(STORED DATA)

text \<open>The negative part of the kernel has finite integral against \<open>\<nu> \<Otimes> \<nu>\<close>: the
  inner integral is bounded uniformly in the outer variable.\<close>

lemma nn_integral_neg_log_chord_finite:
  "(\<integral>\<^sup>+ z. ennreal (max 0 (- (\<lambda>(s, t). log_chord s t) z)) \<partial>(\<nu> \<Otimes>\<^sub>M \<nu>)) < \<infinity>"
proof -
  interpret nu: prob_space \<nu> by (rule prob_space_nu)
  obtain B where B: "B > 0" "\<forall>x\<in>{0..1}. f x \<le> B" using density_bounded by auto
  define J where "J = (\<integral>\<^sup>+ y. ennreal (indicator {-2..2} y * \<bar>y\<bar> powr (-(1/2))) \<partial>lborel)"
  have inner: "(\<integral>\<^sup>+ t. ennreal (max 0 (- log_chord s t)) \<partial>\<nu>) \<le> ennreal B * (6 * J)"
    if s: "0 \<le> s" "s \<le> 1" for s
  proof -
    have "(\<integral>\<^sup>+ t. ennreal (max 0 (- log_chord s t)) \<partial>\<nu>)
        \<le> ennreal B * (\<integral>\<^sup>+ t. indicator {0..1} t * ennreal (max 0 (- log_chord s t)) \<partial>lborel)"
      by (rule nn_integral_nu_le[OF _ B(2,1)]) measurable
    also have "\<dots> \<le> ennreal B * (6 * J)"
      unfolding J_def by (intro mult_left_mono nn_integral_neg_log_chord_le s) auto
    finally show ?thesis .
  qed
  have "(\<integral>\<^sup>+ z. ennreal (max 0 (- (\<lambda>(s, t). log_chord s t) z)) \<partial>(\<nu> \<Otimes>\<^sub>M \<nu>))
      = (\<integral>\<^sup>+ s. (\<integral>\<^sup>+ t. ennreal (max 0 (- (\<lambda>(s, t). log_chord s t) (s, t))) \<partial>\<nu>) \<partial>\<nu>)"
    by (rule sigma_finite_measure.nn_integral_fst[symmetric, OF prob_space_imp_sigma_finite[OF prob_space_nu]])
      measurable
  also have "\<dots> \<le> (\<integral>\<^sup>+ s. ennreal B * (6 * J) \<partial>\<nu>)"
    by (intro nn_integral_mono_AE, use AE_nu_unit_interval in eventually_elim) (unfold prod.case, rule inner, auto)
  also have "\<dots> = ennreal B * (6 * J)" using nu.emeasure_space_1 by simp
  also have "\<dots> < \<infinity>"
    using nn_integral_inv_sqrt_finite unfolding J_def by (simp add: ennreal_mult_less_top)
  finally show ?thesis .
qed

text \<open>The kernel is bounded above by \<open>ln 2\<close>, so integrability reduces to its negative part.\<close>

lemma integrable_log_chord: "integrable (\<nu> \<Otimes>\<^sub>M \<nu>) (\<lambda>(s, t). log_chord s t)"
proof (rule integrableI_bounded)
  let ?H = "\<lambda>(s, t). log_chord s t"
  interpret nn: prob_space "\<nu> \<Otimes>\<^sub>M \<nu>" by (intro prob_space_pair prob_space_nu)
  show "?H \<in> borel_measurable (\<nu> \<Otimes>\<^sub>M \<nu>)" by (rule log_chord_measurable)
  have "(\<integral>\<^sup>+ z. ennreal (norm (?H z)) \<partial>(\<nu> \<Otimes>\<^sub>M \<nu>))
      \<le> (\<integral>\<^sup>+ z. ennreal (ln 2) + ennreal (max 0 (- ?H z)) \<partial>(\<nu> \<Otimes>\<^sub>M \<nu>))"
  proof (intro nn_integral_mono)
    fix z :: "real \<times> real"
    have "?H z \<le> ln 2" using log_chord_le_ln2 by (simp split: prod.split)
    moreover have "0 \<le> ln (2::real)" by simp
    ultimately have "norm (?H z) \<le> ln 2 + max 0 (- ?H z)" by (simp add: abs_if max_def)
    then have "ennreal (norm (?H z)) \<le> ennreal (ln 2 + max 0 (- ?H z))" by (rule ennreal_leI)
    also have "\<dots> = ennreal (ln 2) + ennreal (max 0 (- ?H z))" by (rule ennreal_plus) auto
    finally show "ennreal (norm (?H z)) \<le> ennreal (ln 2) + ennreal (max 0 (- ?H z))" .
  qed
  also have "\<dots> = ennreal (ln 2) + (\<integral>\<^sup>+ z. ennreal (max 0 (- ?H z)) \<partial>(\<nu> \<Otimes>\<^sub>M \<nu>))"
    using log_chord_measurable nn.emeasure_space_1 by (subst nn_integral_add) auto
  also have "\<dots> < \<infinity>" using nn_integral_neg_log_chord_finite by simp
  finally show "(\<integral>\<^sup>+ z. ennreal (norm (?H z)) \<partial>(\<nu> \<Otimes>\<^sub>M \<nu>)) < \<infinity>" .
qed

text \<open>Two independent phases give distinct points almost surely: for fixed \<open>s\<close>, the
  coincidence set \<open>s + \<int>\<close> is countable and hence \<open>\<nu>\<close>-null.\<close>

lemma AE_circ_pair_distinct: "AE z in \<nu> \<Otimes>\<^sub>M \<nu>. circ (fst z) \<noteq> circ (snd z)"
proof -
  interpret nu: prob_space \<nu> by (rule prob_space_nu)
  interpret ps: pair_sigma_finite \<nu> \<nu>
    unfolding pair_sigma_finite_def using nu.sigma_finite_measure_axioms by simp
  have "AE s in \<nu>. AE t in \<nu>. circ (fst (s, t)) \<noteq> circ (snd (s, t))"
  proof (rule AE_I2)
    fix s :: real
    define Z where "Z = range (\<lambda>k::int. s + of_int k)"
    have "Z \<in> null_sets lborel" unfolding Z_def by (intro countable_imp_null_set_lborel) auto
    then have "AE t in lborel. t \<notin> Z" by (rule AE_not_in)
    then have "AE t in \<nu>. t \<notin> Z" unfolding nu_def using density_measurable
      by (subst AE_density) (auto elim: eventually_mono)
    then show "AE t in \<nu>. circ (fst (s, t)) \<noteq> circ (snd (s, t))"
      by (rule eventually_mono) (use circ_eq_imp_int_diff[of s] in \<open>auto simp: Z_def\<close>)
  qed
  then show ?thesis by (intro ps.AE_pair_measure) measurable
qed

end

section \<open>Expectation of the normalised log-determinant\<close>

context phase_density
begin

lemma pair_of_phases:
  fixes N :: nat
  assumes q: "q < N" and p: "p < N" and qp: "q \<noteq> p"
  shows "AE \<theta> in PiM {..<N} (\<lambda>_. \<nu>). circ (\<theta> q) \<noteq> circ (\<theta> p)"
    and "integrable (PiM {..<N} (\<lambda>_. \<nu>)) (\<lambda>\<theta>. log_chord (\<theta> q) (\<theta> p))"
    and "(\<integral>\<theta>. log_chord (\<theta> q) (\<theta> p) \<partial>PiM {..<N} (\<lambda>_. \<nu>)) = (\<integral>(s, t). log_chord s t \<partial>(\<nu> \<Otimes>\<^sub>M \<nu>))"
proof -
  let ?P = "PiM {..<N} (\<lambda>_. \<nu>)" and ?H = "\<lambda>(s, t). log_chord s t"
  have law: "distr ?P (\<nu> \<Otimes>\<^sub>M \<nu>) (\<lambda>\<theta>. (\<theta> q, \<theta> p)) = \<nu> \<Otimes>\<^sub>M \<nu>"
    using q p qp by (intro distr_PiM_pair prob_space_nu) auto
  have meas: "(\<lambda>\<theta>. (\<theta> q, \<theta> p)) \<in> ?P \<rightarrow>\<^sub>M \<nu> \<Otimes>\<^sub>M \<nu>"
    by (intro measurable_Pair measurable_component_singleton) (use q p in auto)
  have sets: "{z \<in> space (\<nu> \<Otimes>\<^sub>M \<nu>). circ (fst z) \<noteq> circ (snd z)} \<in> sets (\<nu> \<Otimes>\<^sub>M \<nu>)"
    by measurable
  have "AE z in distr ?P (\<nu> \<Otimes>\<^sub>M \<nu>) (\<lambda>\<theta>. (\<theta> q, \<theta> p)). circ (fst z) \<noteq> circ (snd z)"
    unfolding law by (rule AE_circ_pair_distinct)
  then show "AE \<theta> in ?P. circ (\<theta> q) \<noteq> circ (\<theta> p)"
    using AE_distr_iff[OF meas sets] by simp
  have "integrable (distr ?P (\<nu> \<Otimes>\<^sub>M \<nu>) (\<lambda>\<theta>. (\<theta> q, \<theta> p))) ?H"
    unfolding law by (rule integrable_log_chord)
  then show "integrable ?P (\<lambda>\<theta>. log_chord (\<theta> q) (\<theta> p))"
    using integrable_distr_eq[OF meas log_chord_measurable] by simp
  show "(\<integral>\<theta>. log_chord (\<theta> q) (\<theta> p) \<partial>?P) = (\<integral>z. ?H z \<partial>(\<nu> \<Otimes>\<^sub>M \<nu>))"
    using integral_distr[OF meas log_chord_measurable] unfolding law by simp
qed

(End STORED DATA)

• EXERCISE PROMPT: Copy back the listing above exactly, but only from the line with "by (rule eventually_mono)" through the line with "by measurable", both ends included.

• SOLUTION:
      by (rule eventually_mono) (use circ_eq_imp_int_diff[of s] in \<open>auto simp: Z_def\<close>)
  qed
  then show ?thesis by (intro ps.AE_pair_measure) measurable
qed

end

section \<open>Expectation of the normalised log-determinant\<close>

context phase_density
begin

lemma pair_of_phases:
  fixes N :: nat
  assumes q: "q < N" and p: "p < N" and qp: "q \<noteq> p"
  shows "AE \<theta> in PiM {..<N} (\<lambda>_. \<nu>). circ (\<theta> q) \<noteq> circ (\<theta> p)"
    and "integrable (PiM {..<N} (\<lambda>_. \<nu>)) (\<lambda>\<theta>. log_chord (\<theta> q) (\<theta> p))"
    and "(\<integral>\<theta>. log_chord (\<theta> q) (\<theta> p) \<partial>PiM {..<N} (\<lambda>_. \<nu>)) = (\<integral>(s, t). log_chord s t \<partial>(\<nu> \<Otimes>\<^sub>M \<nu>))"
proof -
  let ?P = "PiM {..<N} (\<lambda>_. \<nu>)" and ?H = "\<lambda>(s, t). log_chord s t"
  have law: "distr ?P (\<nu> \<Otimes>\<^sub>M \<nu>) (\<lambda>\<theta>. (\<theta> q, \<theta> p)) = \<nu> \<Otimes>\<^sub>M \<nu>"
    using q p qp by (intro distr_PiM_pair prob_space_nu) auto
  have meas: "(\<lambda>\<theta>. (\<theta> q, \<theta> p)) \<in> ?P \<rightarrow>\<^sub>M \<nu> \<Otimes>\<^sub>M \<nu>"
    by (intro measurable_Pair measurable_component_singleton) (use q p in auto)
  have sets: "{z \<in> space (\<nu> \<Otimes>\<^sub>M \<nu>). circ (fst z) \<noteq> circ (snd z)} \<in> sets (\<nu> \<Otimes>\<^sub>M \<nu>)"
    by measurable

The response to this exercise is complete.